Wintour's Leap is owned by Gloucestershire Wildlife Trust and forms part of the Lancaut SSSI Nature Reserve. The cliffs of Wintour's Leap are frequent nesting grounds for Peregrine Falcons and provide niches for rare Whitebeam trees. Climbing access is by permission of Gloucestershire Wildlife Trust negotiated and supervised in consultation with the British Mountaineering Council. Climbing restrictions may apply.
The area around Wintour's Leap is a very popular limestone rock climbing area. It contains over 300 recorded routes most of which are multi pitch. It has a high proportion of quality climbs up to 100 meters in length with something to offer all levels of climber. From south to north, the climbing areas are Woodcroft quarry, Fly Wall, GO Wall, South Bay, Far South Bay, North Wall, and far North Wall. Woodcroft quarry is behind Fly Wall and is the most recently developed area; routes are still being added (2009). The majority of the routes in the quarry are bolt protected sport routes of varying degrees of quality. The Fly Wall is the most convenient trad route area with a small number of well travelled (often polished) routes at HS & VS (See Grade (climbing)), and some good HVS - E5 routes. These two areas have recently (2009) come under the threat of development into a land fill site.

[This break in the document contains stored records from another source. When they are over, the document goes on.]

lemma price_path_continuous_mono_integrable:
  fixes g \<delta> :: "real \<Rightarrow> real"
  assumes g_diff: "g differentiable_on {0..}" and g_mono: "mono_on {0..} g"
    and g_pos: "\<And>x. x \<ge> 0 \<Longrightarrow> g x > 0"
    and \<delta>_deriv: "\<And>x. x \<ge> 0 \<Longrightarrow> (\<delta> has_real_derivative \<delta>' x) (at x within {0..})"
    and \<delta>_nonneg: "\<And>x. x \<ge> 0 \<Longrightarrow> \<delta> x \<ge> 0" and \<delta>_mono: "mono_on {0..} \<delta>"
    and \<delta>_const: "\<forall>x\<ge>ts. \<delta> x = \<delta> ts"
    and r: "r > 0" and t: "t \<ge> 0"
  shows "continuous_on {t..} (\<lambda>u. g (\<delta> u))" and "mono_on {t..} (\<lambda>u. g (\<delta> u))"
    and "set_integrable lborel {t..} (\<lambda>u. g (\<delta> u) * exp (- r * (u - t)))"
proof -
  have cont: "continuous_on {0..} (\<lambda>u. g (\<delta> u))"
    using \<delta>_nonneg by (intro continuous_on_compose2[OF differentiable_imp_continuous_on[OF g_diff]]
        DERIV_continuous_on[OF \<delta>_deriv]) auto
  have mono: "mono_on {0..} (\<lambda>u. g (\<delta> u))"
    using monotone_on_o[OF g_mono \<delta>_mono] \<delta>_nonneg by (auto simp: o_def)
  have bound: "\<bar>g (\<delta> u)\<bar> \<le> g (\<delta> ts)" if "u \<ge> t" for u
  proof -
    have u: "u \<ge> 0" using t that by simp
    then have "g (\<delta> u) \<le> g (\<delta> (max u ts))" using mono_onD[OF mono] by simp
    also have "\<dots> = g (\<delta> ts)" by (simp add: \<delta>_const[rule_format, of "max u ts"])
    finally show ?thesis using g_pos[OF \<delta>_nonneg[OF u]] by simp
  qed
  show cont_t: "continuous_on {t..} (\<lambda>u. g (\<delta> u))"
    by (rule continuous_on_subset[OF cont]) (use t in auto)
  show "mono_on {t..} (\<lambda>u. g (\<delta> u))"
    by (rule mono_on_subset[OF mono]) (use t in auto)
  show "set_integrable lborel {t..} (\<lambda>u. g (\<delta> u) * exp (- r * (u - t)))"
    by (rule set_integrable_bounded_mult_exp_decay[OF r cont_t bound])
qed

definition renovation_cost :: "real \<Rightarrow> real \<Rightarrow> real \<Rightarrow> (real \<Rightarrow> real) \<Rightarrow> real \<Rightarrow> real \<Rightarrow> real" where
  "renovation_cost r a c0 fp t \<theta> =
     c0 * exp (- r * (\<theta> - t)) + a * (LBINT u:{t..\<theta>}. fp u * exp (- r * (u - t)))"

lemma renovation_cost_diff_has_integral:
  fixes fp :: "real \<Rightarrow> real"
  assumes fp: "continuous_on {t..} fp" and le: "t \<le> \<theta>'" "\<theta>' \<le> \<theta>"
  shows "((\<lambda>u. (a * fp u - r * c0) * exp (- r * (u - t))) has_integral
           renovation_cost r a c0 fp t \<theta> - renovation_cost r a c0 fp t \<theta>') {\<theta>'..\<theta>}"
proof -
  define h where "h u = fp u * exp (- r * (u - t))" for u
  have h: "continuous_on {t..} h" unfolding h_def by (intro continuous_intros fp)
  have h_Icc: "continuous_on {\<theta>1..\<theta>2} h" if "t \<le> \<theta>1" for \<theta>1 \<theta>2
    using h by (rule continuous_on_subset) (use that in auto)
  have LBINT_eq: "(LBINT u:{t..T}. h u) = integral {t..T} h" for T
    using h_Icc[of t T] unfolding set_integrable_def
    by (intro set_borel_integral_eq_integral(2)[unfolded set_integrable_def] borel_integrable_compact) auto
  have combine: "integral {t..\<theta>'} h + integral {\<theta>'..\<theta>} h = integral {t..\<theta>} h"
    by (intro Henstock_Kurzweil_Integration.integral_combine[OF le] integrable_continuous_interval h_Icc) simp
  have "((\<lambda>u. a * h u) has_integral a * integral {\<theta>'..\<theta>} h) {\<theta>'..\<theta>}"
    using le h_Icc[of \<theta>' \<theta>] by (intro has_integral_mult_right integrable_integral integrable_continuous_interval) auto
  moreover have "((\<lambda>u. c0 * (- r * exp (- r * (u - t)))) has_integral
      c0 * (exp (- r * (\<theta> - t)) - exp (- r * (\<theta>' - t)))) {\<theta>'..\<theta>}"
    by (intro has_integral_mult_right fundamental_theorem_of_calculus le)
       (auto simp: has_real_derivative_iff_has_vector_derivative[symmetric] intro!: derivative_eq_intros)
  ultimately have "((\<lambda>u. a * h u + c0 * (- r * exp (- r * (u - t)))) has_integral
      a * integral {\<theta>'..\<theta>} h + c0 * (exp (- r * (\<theta> - t)) - exp (- r * (\<theta>' - t)))) {\<theta>'..\<theta>}"
    by (rule has_integral_add)
  then show ?thesis
    unfolding renovation_cost_def h_def[symmetric] LBINT_eq combine[symmetric]
    by (simp add: h_def algebra_simps)
qed

lemma renovation_cost_mono:
  fixes fp :: "real \<Rightarrow> real"
  assumes fp: "continuous_on {t..} fp" and a: "a > 0" and le: "t \<le> \<theta>'" "\<theta>' \<le> \<theta>"
    and above: "\<And>u. u \<in> {\<theta>'..\<theta>} \<Longrightarrow> r * c0 / a \<le> fp u"
  shows "renovation_cost r a c0 fp t \<theta>' \<le> renovation_cost r a c0 fp t \<theta>"
proof -
  have "0 \<le> renovation_cost r a c0 fp t \<theta> - renovation_cost r a c0 fp t \<theta>'"
  proof (rule has_integral_nonneg[OF renovation_cost_diff_has_integral[OF fp le]])
    fix u assume "u \<in> {\<theta>'..\<theta>}"
    with above a have "r * c0 \<le> a * fp u" by (simp add: pos_divide_le_eq mult.commute)
    then show "0 \<le> (a * fp u - r * c0) * exp (- r * (u - t))" by simp
  qed
  then show ?thesis by simp
qed

lemma renovation_cost_antimono:
  fixes fp :: "real \<Rightarrow> real"
  assumes fp: "continuous_on {t..} fp" and a: "a > 0" and le: "t \<le> \<theta>'" "\<theta>' \<le> \<theta>"
    and below: "\<And>u. u \<in> {\<theta>'..\<theta>} \<Longrightarrow> fp u \<le> r * c0 / a"
  shows "renovation_cost r a c0 fp t \<theta> \<le> renovation_cost r a c0 fp t \<theta>'"
proof -
  have "renovation_cost r a c0 fp t \<theta> - renovation_cost r a c0 fp t \<theta>' \<le> 0"
  proof (rule has_integral_le[OF renovation_cost_diff_has_integral[OF fp le] has_integral_0])
    fix u assume "u \<in> {\<theta>'..\<theta>}"
    with below a have "a * fp u \<le> r * c0" by (simp add: pos_le_divide_eq mult.commute)
    then show "(a * fp u - r * c0) * exp (- r * (u - t)) \<le> 0" by (simp add: mult_nonpos_nonneg)
  qed
  then show ?thesis by simp
qed

lemma renovation_cost_tendsto_at_top:
  fixes fp :: "real \<Rightarrow> real"
  assumes r: "r > 0" and int: "set_integrable lborel {t..} (\<lambda>u. fp u * exp (- r * (u - t)))"
  shows "(renovation_cost r a c0 fp t \<longlongrightarrow> a * (LBINT u:{t..}. fp u * exp (- r * (u - t)))) at_top"
proof -
  have "((\<lambda>\<theta>. exp (- r * (\<theta> - t))) \<longlongrightarrow> 0) at_top" using r by real_asymp
  moreover have "((\<lambda>\<theta>. LBINT u:{t..\<theta>}. fp u * exp (- r * (u - t)))
      \<longlongrightarrow> (LBINT u:{t..}. fp u * exp (- r * (u - t)))) at_top"
    using int by (rule tendsto_set_lebesgue_integral_at_top[rotated]) simp
  ultimately have "((\<lambda>\<theta>. c0 * exp (- r * (\<theta> - t)) + a * (LBINT u:{t..\<theta>}. fp u * exp (- r * (u - t))))
      \<longlongrightarrow> c0 * 0 + a * (LBINT u:{t..}. fp u * exp (- r * (u - t)))) at_top"
    by (intro tendsto_intros)
  then show ?thesis unfolding renovation_cost_def[abs_def] by simp
qed

lemma renovation_cost_ge_limit:
  fixes fp :: "real \<Rightarrow> real"
  assumes fp: "continuous_on {t..} fp" and int: "set_integrable lborel {t..} (\<lambda>u. fp u * exp (- r * (u - t)))"
    and a: "a > 0" and r: "r > 0" and below: "\<And>u. u \<ge> t \<Longrightarrow> fp u \<le> r * c0 / a" and \<theta>: "t \<le> \<theta>"
  shows "a * (LBINT u:{t..}. fp u * exp (- r * (u - t))) \<le> renovation_cost r a c0 fp t \<theta>"
proof (rule tendsto_upperbound[OF renovation_cost_tendsto_at_top[OF r int]])
  show "\<forall>\<^sub>F \<theta>' in at_top. renovation_cost r a c0 fp t \<theta>' \<le> renovation_cost r a c0 fp t \<theta>"
    unfolding eventually_at_top_linorder
    by (intro exI[of _ \<theta>] allI impI renovation_cost_antimono[OF fp a \<theta>]) (use \<theta> below in auto)
qed simp

lemma renovation_cost_min_at_crossing:
  fixes fp :: "real \<Rightarrow> real"
  assumes fp: "continuous_on {t..} fp" and mono: "mono_on {t..} fp" and a: "a > 0"
    and crossing: "t \<le> \<theta>s" "fp \<theta>s = r * c0 / a" and \<theta>: "t \<le> \<theta>"
  shows "renovation_cost r a c0 fp t \<theta>s \<le> renovation_cost r a c0 fp t \<theta>"
proof (cases "\<theta>s \<le> \<theta>")
  case True
  then show ?thesis
    using crossing mono_onD[OF mono, of \<theta>s] by (intro renovation_cost_mono[OF fp a]) auto
next
  case False
  then show ?thesis
    using crossing \<theta> mono_onD[OF mono, of _ \<theta>s] by (intro renovation_cost_antimono[OF fp a]) auto
qed

lemma continuous_on_atLeast_crossing_cases:
  fixes g :: "real \<Rightarrow> real"
  assumes g: "continuous_on {t..} g"
  obtains "\<forall>\<theta>\<ge>t. K < g \<theta>" | \<theta>s where "t \<le> \<theta>s" "g \<theta>s = K" | "\<forall>\<theta>\<ge>t. g \<theta> < K"
proof (cases "\<exists>\<theta>\<ge>t. g \<theta> = K")
  case False
  have "(\<forall>\<theta>\<ge>t. K < g \<theta>) \<or> (\<forall>\<theta>\<ge>t. g \<theta> < K)"
  proof (rule ccontr)
    assume "\<not> ?thesis"
    then obtain \<theta>1 \<theta>2 where "t \<le> \<theta>1" "g \<theta>1 \<le> K" "t \<le> \<theta>2" "K \<le> g \<theta>2"
      by (auto simp: not_less)
    then have "K \<in> g ` {t..}"
      using connected_contains_Icc[OF connected_continuous_image[OF g connected_Ici], of "g \<theta>1" "g \<theta>2"]
      by auto
    with False show False by auto
  qed
  then show ?thesis using that(1,3) by blast
qed (use that(2) in blast)

lemma is_ess_sup_fam_unique:
  assumes "is_ess_sup_fam M S Z" and "is_ess_sup_fam M S Z'"
  shows "AE \<omega> in M. Z \<omega> = Z' \<omega>"
proof -
  have "AE \<omega> in M. Z \<omega> \<le> Z' \<omega>" and "AE \<omega> in M. Z' \<omega> \<le> Z \<omega>"
    using assms unfolding is_ess_sup_fam_def by auto
  then show ?thesis by eventually_elim simp
qed
(* Let $G$ be a sub-$2$-permutable graph. Then $\chi_i(G\,\square\,K_2)=\Delta(G\,\square\,K_2)+1$.
   Context: All graphs are finite and simple. $K^-_{2n}$ is the complete graph on $2n$ vertices with a perfect matching removed. A homomorphism $f:G\to H$ is a map $V(G)\to V(H)$ with $f(u)f(v)\in E(H)$ whenever $uv\in E(G)$; it is locally injective if for every vertex $v$, $f$ is injective on $N(v)$. A graph $G$ (not necessarily regular) is sub-$2$-permutable if it admits a locally injective homomorphism to $K^-_{\Delta(G)+2}$ (in particular $\Delta(G)$ is even). An incidence of $G$ is a pair $(v,e)$ with $v\in e\in E(G)$; incidences $(v,e),(u,f)$ are adjacent if $v=u$, or $e=f$, or $vu\in\{e,f\}$; an incidence coloring gives adjacent incidences distinct colors; $\chi_i(G)$ is the least number of colors of an incidence coloring. $\Delta$ denotes maximum degree. $G\,\square\,H$ is the Cartesian product: vertex set $V(G)\times V(H)$, $(u,v)\sim(u',v')$ iff ($uu'\in E(G)$, $v=v'$) or ($u=u'$, $vv'\in E(H)$). *)

theory Defs
  imports Main
begin

definition simple_graph :: "'a set \<Rightarrow> 'a set set \<Rightarrow> bool" where
  "simple_graph V E \<longleftrightarrow> finite V \<and>
     (\<forall>e\<in>E. \<exists>u v. e = {u, v} \<and> u \<noteq> v \<and> u \<in> V \<and> v \<in> V)"

definition neighbors :: "'a set set \<Rightarrow> 'a \<Rightarrow> 'a set" where
  "neighbors E v = {u. {u, v} \<in> E}"

definition degree :: "'a set set \<Rightarrow> 'a \<Rightarrow> nat" where
  "degree E v = card {e \<in> E. v \<in> e}"

definition max_degree :: "'a set \<Rightarrow> 'a set set \<Rightarrow> nat" where
  "max_degree V E = (if V = {} then 0 else Max (degree E ` V))"

text \<open>Complete graph on 2n vertices minus a perfect matching: vertices {0..<2n},
  i ~ j iff i, j are distinct and not matched (i div 2 \<noteq> j div 2).\<close>
definition Kminus_V :: "nat \<Rightarrow> nat set" where
  "Kminus_V m = {0..<m}"

definition Kminus_E :: "nat \<Rightarrow> nat set set" where
  "Kminus_E m = {{i, j} | i j. i < m \<and> j < m \<and> i \<noteq> j \<and> i div 2 \<noteq> j div 2}"

definition loc_inj_hom :: "'a set \<Rightarrow> 'a set set \<Rightarrow> ('a \<Rightarrow> 'b) \<Rightarrow> 'b set \<Rightarrow> 'b set set \<Rightarrow> bool" where
  "loc_inj_hom V E f W F \<longleftrightarrow>
     (\<forall>v\<in>V. f v \<in> W) \<and>
     (\<forall>u\<in>V. \<forall>v\<in>V. {u, v} \<in> E \<longrightarrow> {f u, f v} \<in> F) \<and>
     (\<forall>v\<in>V. inj_on f (neighbors E v))"

definition sub_2_permutable :: "'a set \<Rightarrow> 'a set set \<Rightarrow> bool" where
  "sub_2_permutable V E \<longleftrightarrow> even (max_degree V E) \<and>
     (\<exists>f :: 'a \<Rightarrow> nat. loc_inj_hom V E f
        (Kminus_V (max_degree V E + 2)) (Kminus_E (max_degree V E + 2)))"

definition incidences :: "'a set set \<Rightarrow> ('a \<times> 'a set) set" where
  "incidences E = {(v, e). e \<in> E \<and> v \<in> e}"

definition inc_adjacent :: "'a \<times> 'a set \<Rightarrow> 'a \<times> 'a set \<Rightarrow> bool" where
  "inc_adjacent a b = (case a of (v, e) \<Rightarrow> case b of (u, f) \<Rightarrow>
      v = u \<or> e = f \<or> {v, u} = e \<or> {v, u} = f)"

definition incidence_coloring :: "'a set set \<Rightarrow> nat \<Rightarrow> ('a \<times> 'a set \<Rightarrow> nat) \<Rightarrow> bool" where
  "incidence_coloring E k c \<longleftrightarrow>
     (\<forall>a\<in>incidences E. c a < k) \<and>
     (\<forall>a\<in>incidences E. \<forall>b\<in>incidences E. a \<noteq> b \<and> inc_adjacent a b \<longrightarrow> c a \<noteq> c b)"

definition incidence_chromatic :: "'a set set \<Rightarrow> nat" where
  "incidence_chromatic E = (LEAST k. \<exists>c. incidence_coloring E k c)"

definition cart_V :: "'a set \<Rightarrow> 'b set \<Rightarrow> ('a \<times> 'b) set" where
  "cart_V V1 V2 = V1 \<times> V2"

definition cart_E :: "'a set \<Rightarrow> 'a set set \<Rightarrow> 'b set \<Rightarrow> 'b set set \<Rightarrow> ('a \<times> 'b) set set" where
  "cart_E V1 E1 V2 E2 =
     {{(u, w), (u', w)} | u u' w. {u, u'} \<in> E1 \<and> w \<in> V2} \<union>
     {{(u, w), (u, w')} | u w w'. u \<in> V1 \<and> {w, w'} \<in> E2}"

definition K2_V :: "bool set" where "K2_V = UNIV"
definition K2_E :: "bool set set" where "K2_E = {{False, True}}"

end

theory Submission
  imports Defs
begin

text \<open>Colour each incidence \<open>(v, vu)\<close> by the colour of \<open>u\<close>. If vertices at distance at most two
  get distinct colours, this is an incidence colouring, so \<open>\<chi>\<^sub>i\<close> is at most the number of colours.
  Conversely every incidence colouring needs \<open>\<Delta> + 1\<close> colours: the \<open>\<Delta>\<close> incidences at a vertex \<open>w\<close>
  of maximum degree and one incidence \<open>(u, uw)\<close> are pairwise adjacent.
  In \<open>G \<box> K\<^sub>2\<close> the maximum degree is \<open>\<Delta>(G) + 1\<close>, and a locally injective homomorphism
  \<open>f : G \<rightarrow> K\<^sup>-\<^sub>\<Delta>\<^sub>+\<^sub>2\<close> gives such a colouring of \<open>G \<box> K\<^sub>2\<close> with \<open>\<Delta>(G) + 2\<close> colours: use \<open>f\<close> on one
  copy of \<open>G\<close> and the matching partner of \<open>f\<close> on the other. A rung joins a colour to its partner,
  and since \<open>f\<close> maps adjacent vertices to unmatched colours, nothing clashes across the copies.\<close>

lemma simple_graph_edgeD:
  assumes "simple_graph V E" "{u, v} \<in> E"
  shows "u \<in> V" "v \<in> V" "u \<noteq> v"
  using assms unfolding simple_graph_def by (auto simp: doubleton_eq_iff)
lemma eventually_Pstar_lambda_kd_deviation_le:
  fixes m :: "nat \<Rightarrow> nat"
  assumes "0 < \<rho>" "\<rho> < 1" "0 < \<epsilon>" "1 \<le> k"
    and "\<forall>\<^sub>F d in sequentially. 1 \<le> m d \<and> m d \<le> d"
    and "(\<lambda>d. (real (m d) - 1) / (real d - 1)) \<longlonglongrightarrow> c"
  shows "\<forall>\<^sub>F d in sequentially. \<forall>x\<in>Fset \<rho> d.
           emeasure (measure_pmf (Pstar d (m d) k)) {S. \<bar>lambda_kd \<rho> d k x S - c / (1 - \<rho>)\<bar> > \<epsilon>}
           \<le> ennreal (4 * (real d * real d powr (1/8)) / ((real d - 1)\<^sup>2 * \<epsilon>\<^sup>2))"
proof -
  have "\<forall>\<^sub>F d in sequentially. 0 \<le> (real (m d) - 1) / (real d - 1) \<and> (real (m d) - 1) / (real d - 1) \<le> 1"
    using assms(5) by eventually_elim (auto simp: divide_le_eq_1)
  from scaled_ycoord_sq_mean_uniform[OF assms(1,2) half_gt_zero[OF assms(3)] assms(6) this]
    assms(5) eventually_ge_at_top[of "max k 2"]
  show ?thesis
    by eventually_elim (use assms(3,4) in \<open>auto intro!: Pstar_lambda_kd_deviation\<close>)
qed

lemma sample_fraction_tendsto:
  fixes cd :: "nat \<Rightarrow> real"
  assumes "cd \<longlonglongrightarrow> c"
  shows "(\<lambda>d. (real d * cd d - 1) / (real d - 1)) \<longlonglongrightarrow> c"
proof -
  have "(\<lambda>d. (real d * cd d - 1) / (real d - 1)) = (\<lambda>d. cd d * (real d / (real d - 1)) - 1 / (real d - 1))"
    by (simp add: fun_eq_iff diff_divide_distrib)
  moreover have "(\<lambda>d. cd d * (real d / (real d - 1)) - 1 / (real d - 1)) \<longlonglongrightarrow> c * 1 - 0"
    by (intro tendsto_intros assms) real_asymp+
  ultimately show ?thesis
    by simp
qed

theorem lemmaA14:
  fixes \<rho> c :: real and cd :: "nat \<Rightarrow> real" and k :: nat
  assumes "0 < \<rho>" and "\<rho> < 1"
    and "\<forall>d. real d * cd d \<in> \<nat> \<and> real d * cd d \<le> real d"
    and "cd \<longlonglongrightarrow> c" and "0 < c" and "c \<le> 1"
    and "1 \<le> k"
  shows "\<forall>\<epsilon>>0. (\<lambda>d. \<Squnion>x\<in>Fset \<rho> d.
            emeasure (measure_pmf (Pstar d (nat \<lfloor>real d * cd d\<rfloor>) k))
              {S. \<bar>lambda_kd \<rho> d k x S - c / (1 - \<rho>)\<bar> > \<epsilon>}) \<longlonglongrightarrow> 0"
proof (intro allI impI)
  fix \<epsilon> :: real assume "0 < \<epsilon>"
  define m where "m d = nat \<lfloor>real d * cd d\<rfloor>" for d
  define u where "u d = 4 * (real d * real d powr (1/8)) / ((real d - 1)\<^sup>2 * \<epsilon>\<^sup>2)" for d :: nat
  have m: "real (m d) = real d * cd d" for d
    using assms(3) Nats_cases unfolding m_def by (metis floor_of_nat nat_int)
  have m_range: "1 \<le> m d \<and> m d \<le> d" if "0 < cd d" "1 \<le> d" for d
  proof -
    have "0 < real (m d)" "real (m d) \<le> real d"
      using m[of d] assms(3) that by auto
    then show ?thesis by simp
  qed
  from order_tendstoD(1)[OF assms(4,5)] eventually_ge_at_top[of 1]
  have "\<forall>\<^sub>F d in sequentially. 1 \<le> m d \<and> m d \<le> d"
    by eventually_elim (rule m_range)
  moreover have "(\<lambda>d. (real (m d) - 1) / (real d - 1)) \<longlonglongrightarrow> c"
    unfolding m using assms(4) by (rule sample_fraction_tendsto)
  ultimately have "\<forall>\<^sub>F d in sequentially. \<forall>x\<in>Fset \<rho> d. emeasure (measure_pmf (Pstar d (m d) k))
      {S. \<bar>lambda_kd \<rho> d k x S - c / (1 - \<rho>)\<bar> > \<epsilon>} \<le> ennreal (u d)"
    unfolding u_def by (rule eventually_Pstar_lambda_kd_deviation_le[OF assms(1,2) \<open>0 < \<epsilon>\<close> assms(7)])
  then have bound: "\<forall>\<^sub>F d in sequentially. (\<Squnion>x\<in>Fset \<rho> d. emeasure (measure_pmf (Pstar d (m d) k))
      {S. \<bar>lambda_kd \<rho> d k x S - c / (1 - \<rho>)\<bar> > \<epsilon>}) \<le> ennreal (u d)"
    by eventually_elim (blast intro: SUP_least)
  have "u \<longlonglongrightarrow> 0"
    unfolding u_def using \<open>0 < \<epsilon>\<close> by real_asymp
  then have u_lim: "(\<lambda>d. ennreal (u d)) \<longlonglongrightarrow> 0"
    using tendsto_ennrealI[of u 0] by simp
  show "(\<lambda>d. \<Squnion>x\<in>Fset \<rho> d. emeasure (measure_pmf (Pstar d (nat \<lfloor>real d * cd d\<rfloor>) k))
      {S. \<bar>lambda_kd \<rho> d k x S - c / (1 - \<rho>)\<bar> > \<epsilon>}) \<longlonglongrightarrow> 0"
    by (rule tendsto_sandwich[OF _ bound[unfolded m_def] tendsto_const u_lim])
      (intro always_eventually allI zero_le)
qed

end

Great Overhanging (GO) Wall is the largest cliff at Wintour's and contains 4 and 5 pitch extremes. The routes here are multi pitch 'trouser fillers' all of which are technical and steep. Many break through the massive overhangs near the top of the wall. The routes are in the range E2 - E6, but also includes the iconic 'must do' route 'Burning Giraffe' at HVS. The southern bays contain a number of easier and very good multipitch routes in the grade range of Mod - E2. The north wall consists again of rather steep multi pitch routes. Although there are 2 HS routes, and a number of very good VS routes. The far end of north wall is again very steep with stepped overhangs. The rock is also very compact, not lending itself to traditional protection. There is a lot of fixed gear here.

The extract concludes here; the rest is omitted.